§ Activity:
Report every line of the data where the string "False" appears.
● ● ● ● ● ● ●
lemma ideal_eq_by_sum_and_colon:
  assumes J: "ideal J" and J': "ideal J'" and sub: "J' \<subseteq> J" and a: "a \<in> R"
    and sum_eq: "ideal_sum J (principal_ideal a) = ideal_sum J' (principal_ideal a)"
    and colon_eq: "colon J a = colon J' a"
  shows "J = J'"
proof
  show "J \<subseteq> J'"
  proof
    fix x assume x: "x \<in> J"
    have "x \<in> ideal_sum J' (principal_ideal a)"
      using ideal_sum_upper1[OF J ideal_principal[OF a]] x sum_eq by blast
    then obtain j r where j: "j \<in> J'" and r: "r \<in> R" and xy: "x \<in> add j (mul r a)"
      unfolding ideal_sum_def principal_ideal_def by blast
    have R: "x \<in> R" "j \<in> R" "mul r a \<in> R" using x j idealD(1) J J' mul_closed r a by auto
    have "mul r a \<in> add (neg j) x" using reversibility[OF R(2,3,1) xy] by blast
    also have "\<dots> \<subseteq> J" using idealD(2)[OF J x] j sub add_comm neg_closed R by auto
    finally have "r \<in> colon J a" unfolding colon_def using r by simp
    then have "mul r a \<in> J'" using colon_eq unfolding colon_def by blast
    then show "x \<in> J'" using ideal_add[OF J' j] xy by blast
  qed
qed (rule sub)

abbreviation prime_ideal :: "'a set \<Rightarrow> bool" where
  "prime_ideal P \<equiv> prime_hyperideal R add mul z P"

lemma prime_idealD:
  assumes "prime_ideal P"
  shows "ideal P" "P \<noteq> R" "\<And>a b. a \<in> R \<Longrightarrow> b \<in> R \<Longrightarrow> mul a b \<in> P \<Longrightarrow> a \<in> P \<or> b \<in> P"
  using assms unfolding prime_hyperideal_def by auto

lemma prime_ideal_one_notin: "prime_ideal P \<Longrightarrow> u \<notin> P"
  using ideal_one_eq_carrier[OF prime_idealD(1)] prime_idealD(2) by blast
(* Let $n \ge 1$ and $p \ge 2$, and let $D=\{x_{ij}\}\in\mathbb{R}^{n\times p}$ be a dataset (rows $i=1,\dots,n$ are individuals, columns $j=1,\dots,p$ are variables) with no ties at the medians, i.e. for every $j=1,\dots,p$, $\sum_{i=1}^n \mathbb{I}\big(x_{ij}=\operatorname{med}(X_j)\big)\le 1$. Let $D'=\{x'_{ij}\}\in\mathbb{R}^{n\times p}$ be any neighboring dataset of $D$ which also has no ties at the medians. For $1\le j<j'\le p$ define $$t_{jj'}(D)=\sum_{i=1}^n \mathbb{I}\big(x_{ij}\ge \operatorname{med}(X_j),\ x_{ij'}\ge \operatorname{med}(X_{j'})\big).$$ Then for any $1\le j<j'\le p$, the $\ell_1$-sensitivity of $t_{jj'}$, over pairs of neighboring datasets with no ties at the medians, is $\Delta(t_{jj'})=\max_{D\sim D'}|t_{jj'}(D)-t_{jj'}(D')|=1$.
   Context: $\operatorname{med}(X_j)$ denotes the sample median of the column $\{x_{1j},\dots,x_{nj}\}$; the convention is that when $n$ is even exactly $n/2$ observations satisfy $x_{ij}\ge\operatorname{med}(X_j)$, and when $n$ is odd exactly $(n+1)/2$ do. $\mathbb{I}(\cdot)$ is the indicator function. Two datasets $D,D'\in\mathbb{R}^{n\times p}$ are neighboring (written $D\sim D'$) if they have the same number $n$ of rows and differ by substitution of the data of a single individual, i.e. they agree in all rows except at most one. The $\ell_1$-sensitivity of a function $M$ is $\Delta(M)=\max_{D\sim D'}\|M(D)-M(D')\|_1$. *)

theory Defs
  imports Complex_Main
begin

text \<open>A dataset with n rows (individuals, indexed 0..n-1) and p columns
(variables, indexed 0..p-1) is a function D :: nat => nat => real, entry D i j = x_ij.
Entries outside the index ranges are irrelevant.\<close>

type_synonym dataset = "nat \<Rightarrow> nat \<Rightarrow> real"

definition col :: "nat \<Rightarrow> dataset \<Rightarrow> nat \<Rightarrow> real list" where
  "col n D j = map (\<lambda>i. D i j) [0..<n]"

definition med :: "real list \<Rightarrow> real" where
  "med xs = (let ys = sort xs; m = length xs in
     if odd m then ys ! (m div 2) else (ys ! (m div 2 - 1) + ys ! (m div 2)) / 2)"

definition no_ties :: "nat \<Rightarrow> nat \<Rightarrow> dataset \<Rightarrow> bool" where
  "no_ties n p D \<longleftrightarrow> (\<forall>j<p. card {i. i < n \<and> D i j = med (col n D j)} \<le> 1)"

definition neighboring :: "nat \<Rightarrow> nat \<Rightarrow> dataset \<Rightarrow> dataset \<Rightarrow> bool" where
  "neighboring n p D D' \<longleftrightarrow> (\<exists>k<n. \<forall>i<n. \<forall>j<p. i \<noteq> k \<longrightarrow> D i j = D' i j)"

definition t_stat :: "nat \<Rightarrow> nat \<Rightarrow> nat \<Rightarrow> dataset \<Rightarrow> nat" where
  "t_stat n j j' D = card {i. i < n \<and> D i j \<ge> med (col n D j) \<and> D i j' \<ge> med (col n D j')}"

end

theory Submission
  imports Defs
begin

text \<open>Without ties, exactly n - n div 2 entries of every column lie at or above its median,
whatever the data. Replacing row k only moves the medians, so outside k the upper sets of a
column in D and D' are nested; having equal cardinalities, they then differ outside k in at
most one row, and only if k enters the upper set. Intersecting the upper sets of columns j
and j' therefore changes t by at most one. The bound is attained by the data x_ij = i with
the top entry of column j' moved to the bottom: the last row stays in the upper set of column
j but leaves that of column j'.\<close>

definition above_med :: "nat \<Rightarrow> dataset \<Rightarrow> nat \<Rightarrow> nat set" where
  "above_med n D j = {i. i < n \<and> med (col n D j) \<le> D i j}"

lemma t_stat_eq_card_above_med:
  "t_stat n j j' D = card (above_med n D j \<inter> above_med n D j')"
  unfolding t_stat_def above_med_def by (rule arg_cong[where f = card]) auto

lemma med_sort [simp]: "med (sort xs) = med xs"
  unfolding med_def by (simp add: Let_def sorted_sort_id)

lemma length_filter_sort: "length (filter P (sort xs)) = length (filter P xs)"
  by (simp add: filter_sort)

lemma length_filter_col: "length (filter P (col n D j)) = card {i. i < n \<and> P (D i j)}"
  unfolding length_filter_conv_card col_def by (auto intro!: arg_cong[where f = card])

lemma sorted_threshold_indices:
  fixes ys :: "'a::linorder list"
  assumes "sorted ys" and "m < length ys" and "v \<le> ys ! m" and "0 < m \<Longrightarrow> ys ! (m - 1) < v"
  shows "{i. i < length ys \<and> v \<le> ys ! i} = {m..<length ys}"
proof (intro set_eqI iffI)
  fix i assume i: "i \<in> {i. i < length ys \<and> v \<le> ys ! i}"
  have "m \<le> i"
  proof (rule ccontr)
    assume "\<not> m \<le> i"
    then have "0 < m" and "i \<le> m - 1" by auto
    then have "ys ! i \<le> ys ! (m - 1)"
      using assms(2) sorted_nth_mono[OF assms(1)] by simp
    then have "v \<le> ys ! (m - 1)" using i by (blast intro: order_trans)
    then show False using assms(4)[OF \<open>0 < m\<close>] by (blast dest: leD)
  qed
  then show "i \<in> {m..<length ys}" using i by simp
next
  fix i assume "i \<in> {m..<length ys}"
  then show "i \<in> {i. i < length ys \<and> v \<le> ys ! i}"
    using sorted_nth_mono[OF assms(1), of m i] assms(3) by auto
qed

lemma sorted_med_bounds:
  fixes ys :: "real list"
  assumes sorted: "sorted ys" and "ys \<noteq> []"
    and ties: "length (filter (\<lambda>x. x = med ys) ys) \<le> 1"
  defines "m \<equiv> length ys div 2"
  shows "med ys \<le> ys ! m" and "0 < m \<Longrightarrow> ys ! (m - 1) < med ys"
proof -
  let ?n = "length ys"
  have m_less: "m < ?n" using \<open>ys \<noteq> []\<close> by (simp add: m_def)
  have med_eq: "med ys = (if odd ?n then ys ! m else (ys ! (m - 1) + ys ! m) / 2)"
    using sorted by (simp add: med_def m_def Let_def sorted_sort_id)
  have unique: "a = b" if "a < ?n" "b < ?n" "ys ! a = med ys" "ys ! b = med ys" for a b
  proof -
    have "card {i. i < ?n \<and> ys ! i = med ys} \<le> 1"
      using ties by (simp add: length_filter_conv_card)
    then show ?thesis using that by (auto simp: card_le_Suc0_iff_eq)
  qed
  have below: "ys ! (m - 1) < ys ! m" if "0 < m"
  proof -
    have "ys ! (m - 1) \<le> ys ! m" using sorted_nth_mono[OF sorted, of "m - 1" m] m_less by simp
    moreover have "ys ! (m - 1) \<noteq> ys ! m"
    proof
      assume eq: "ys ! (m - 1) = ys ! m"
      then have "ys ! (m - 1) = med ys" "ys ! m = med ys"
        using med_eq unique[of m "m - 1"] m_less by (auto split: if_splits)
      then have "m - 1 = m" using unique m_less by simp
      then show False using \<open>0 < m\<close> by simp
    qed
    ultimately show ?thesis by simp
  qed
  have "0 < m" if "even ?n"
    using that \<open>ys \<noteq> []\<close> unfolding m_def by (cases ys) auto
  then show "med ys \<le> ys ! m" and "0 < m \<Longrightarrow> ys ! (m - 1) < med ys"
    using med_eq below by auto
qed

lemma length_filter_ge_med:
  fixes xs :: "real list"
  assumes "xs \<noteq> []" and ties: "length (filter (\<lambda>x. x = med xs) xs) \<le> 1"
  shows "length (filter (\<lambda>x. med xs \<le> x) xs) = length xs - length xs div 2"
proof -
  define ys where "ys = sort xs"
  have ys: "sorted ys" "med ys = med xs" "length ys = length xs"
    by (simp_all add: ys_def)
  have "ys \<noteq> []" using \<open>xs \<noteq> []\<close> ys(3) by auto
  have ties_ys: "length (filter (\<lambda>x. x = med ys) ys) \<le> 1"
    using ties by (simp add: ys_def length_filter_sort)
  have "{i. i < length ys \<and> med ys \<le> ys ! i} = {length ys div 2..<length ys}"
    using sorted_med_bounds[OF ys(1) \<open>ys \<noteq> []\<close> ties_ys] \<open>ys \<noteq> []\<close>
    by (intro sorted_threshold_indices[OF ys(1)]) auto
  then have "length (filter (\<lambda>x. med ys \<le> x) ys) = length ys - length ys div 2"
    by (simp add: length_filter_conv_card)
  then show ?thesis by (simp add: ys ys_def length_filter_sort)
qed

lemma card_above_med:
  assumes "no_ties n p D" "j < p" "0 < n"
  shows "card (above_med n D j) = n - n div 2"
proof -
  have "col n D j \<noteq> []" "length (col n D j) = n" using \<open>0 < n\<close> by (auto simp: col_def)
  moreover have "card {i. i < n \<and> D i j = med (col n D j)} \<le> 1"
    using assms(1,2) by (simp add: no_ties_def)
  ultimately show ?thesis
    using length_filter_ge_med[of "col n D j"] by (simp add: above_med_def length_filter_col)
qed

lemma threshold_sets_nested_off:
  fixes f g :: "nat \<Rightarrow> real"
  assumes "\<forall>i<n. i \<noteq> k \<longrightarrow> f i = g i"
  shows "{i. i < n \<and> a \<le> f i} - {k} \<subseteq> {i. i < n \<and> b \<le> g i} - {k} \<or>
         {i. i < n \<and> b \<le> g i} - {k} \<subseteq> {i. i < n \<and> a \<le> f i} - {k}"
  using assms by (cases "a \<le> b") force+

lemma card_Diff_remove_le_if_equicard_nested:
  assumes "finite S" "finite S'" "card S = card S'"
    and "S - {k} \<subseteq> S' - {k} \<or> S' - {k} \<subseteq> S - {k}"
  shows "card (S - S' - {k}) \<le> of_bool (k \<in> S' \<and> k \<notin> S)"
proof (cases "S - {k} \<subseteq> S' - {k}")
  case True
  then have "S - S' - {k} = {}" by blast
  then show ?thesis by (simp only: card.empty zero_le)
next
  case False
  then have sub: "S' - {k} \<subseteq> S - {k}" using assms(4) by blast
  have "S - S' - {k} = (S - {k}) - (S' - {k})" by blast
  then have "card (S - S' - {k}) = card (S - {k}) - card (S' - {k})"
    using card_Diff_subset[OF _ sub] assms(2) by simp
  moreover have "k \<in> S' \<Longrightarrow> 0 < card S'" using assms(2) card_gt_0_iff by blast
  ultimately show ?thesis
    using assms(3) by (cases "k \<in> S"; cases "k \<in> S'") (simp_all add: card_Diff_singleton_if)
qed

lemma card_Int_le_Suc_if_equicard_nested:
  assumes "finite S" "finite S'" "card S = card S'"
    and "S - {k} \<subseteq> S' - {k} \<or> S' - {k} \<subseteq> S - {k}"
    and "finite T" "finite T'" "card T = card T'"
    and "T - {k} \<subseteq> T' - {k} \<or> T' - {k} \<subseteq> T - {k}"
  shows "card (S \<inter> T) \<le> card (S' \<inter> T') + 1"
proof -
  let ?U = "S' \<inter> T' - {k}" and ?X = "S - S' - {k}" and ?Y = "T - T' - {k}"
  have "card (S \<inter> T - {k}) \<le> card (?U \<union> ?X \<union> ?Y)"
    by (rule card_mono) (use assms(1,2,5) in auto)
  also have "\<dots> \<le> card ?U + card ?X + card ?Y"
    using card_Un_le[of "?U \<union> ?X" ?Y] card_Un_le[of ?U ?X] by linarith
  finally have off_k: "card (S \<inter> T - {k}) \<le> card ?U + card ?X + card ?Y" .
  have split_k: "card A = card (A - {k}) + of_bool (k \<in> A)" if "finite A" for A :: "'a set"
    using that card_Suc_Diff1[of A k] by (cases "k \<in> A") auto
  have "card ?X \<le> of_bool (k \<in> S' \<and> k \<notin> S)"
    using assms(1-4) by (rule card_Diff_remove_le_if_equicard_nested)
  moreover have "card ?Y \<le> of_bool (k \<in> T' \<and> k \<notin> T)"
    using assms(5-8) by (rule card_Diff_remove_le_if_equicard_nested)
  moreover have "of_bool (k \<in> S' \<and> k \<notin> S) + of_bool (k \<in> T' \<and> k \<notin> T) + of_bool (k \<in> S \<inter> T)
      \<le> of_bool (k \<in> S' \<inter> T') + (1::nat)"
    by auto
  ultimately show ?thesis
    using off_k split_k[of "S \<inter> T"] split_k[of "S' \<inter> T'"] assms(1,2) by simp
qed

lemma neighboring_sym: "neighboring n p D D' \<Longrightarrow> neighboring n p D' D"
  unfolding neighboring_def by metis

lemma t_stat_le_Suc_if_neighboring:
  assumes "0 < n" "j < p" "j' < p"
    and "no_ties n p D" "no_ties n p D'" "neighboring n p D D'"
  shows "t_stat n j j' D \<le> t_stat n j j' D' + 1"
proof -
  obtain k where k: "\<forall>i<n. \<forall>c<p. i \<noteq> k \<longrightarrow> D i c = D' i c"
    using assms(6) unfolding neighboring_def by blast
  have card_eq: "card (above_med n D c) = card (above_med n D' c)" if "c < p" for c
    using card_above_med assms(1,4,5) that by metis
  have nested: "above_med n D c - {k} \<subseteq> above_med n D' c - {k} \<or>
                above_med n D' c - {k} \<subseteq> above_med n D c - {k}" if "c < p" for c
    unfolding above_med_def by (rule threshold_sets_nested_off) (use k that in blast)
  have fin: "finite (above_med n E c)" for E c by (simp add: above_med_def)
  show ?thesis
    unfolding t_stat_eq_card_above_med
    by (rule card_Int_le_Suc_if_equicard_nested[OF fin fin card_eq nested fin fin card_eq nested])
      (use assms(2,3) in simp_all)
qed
● ● ● ● ● ● ●
§ Worked solution:
    then show False using assms(4)[OF \<open>0 < m\<close>] by (blast dest: leD)
      then show False using \<open>0 < m\<close> by simp
  case False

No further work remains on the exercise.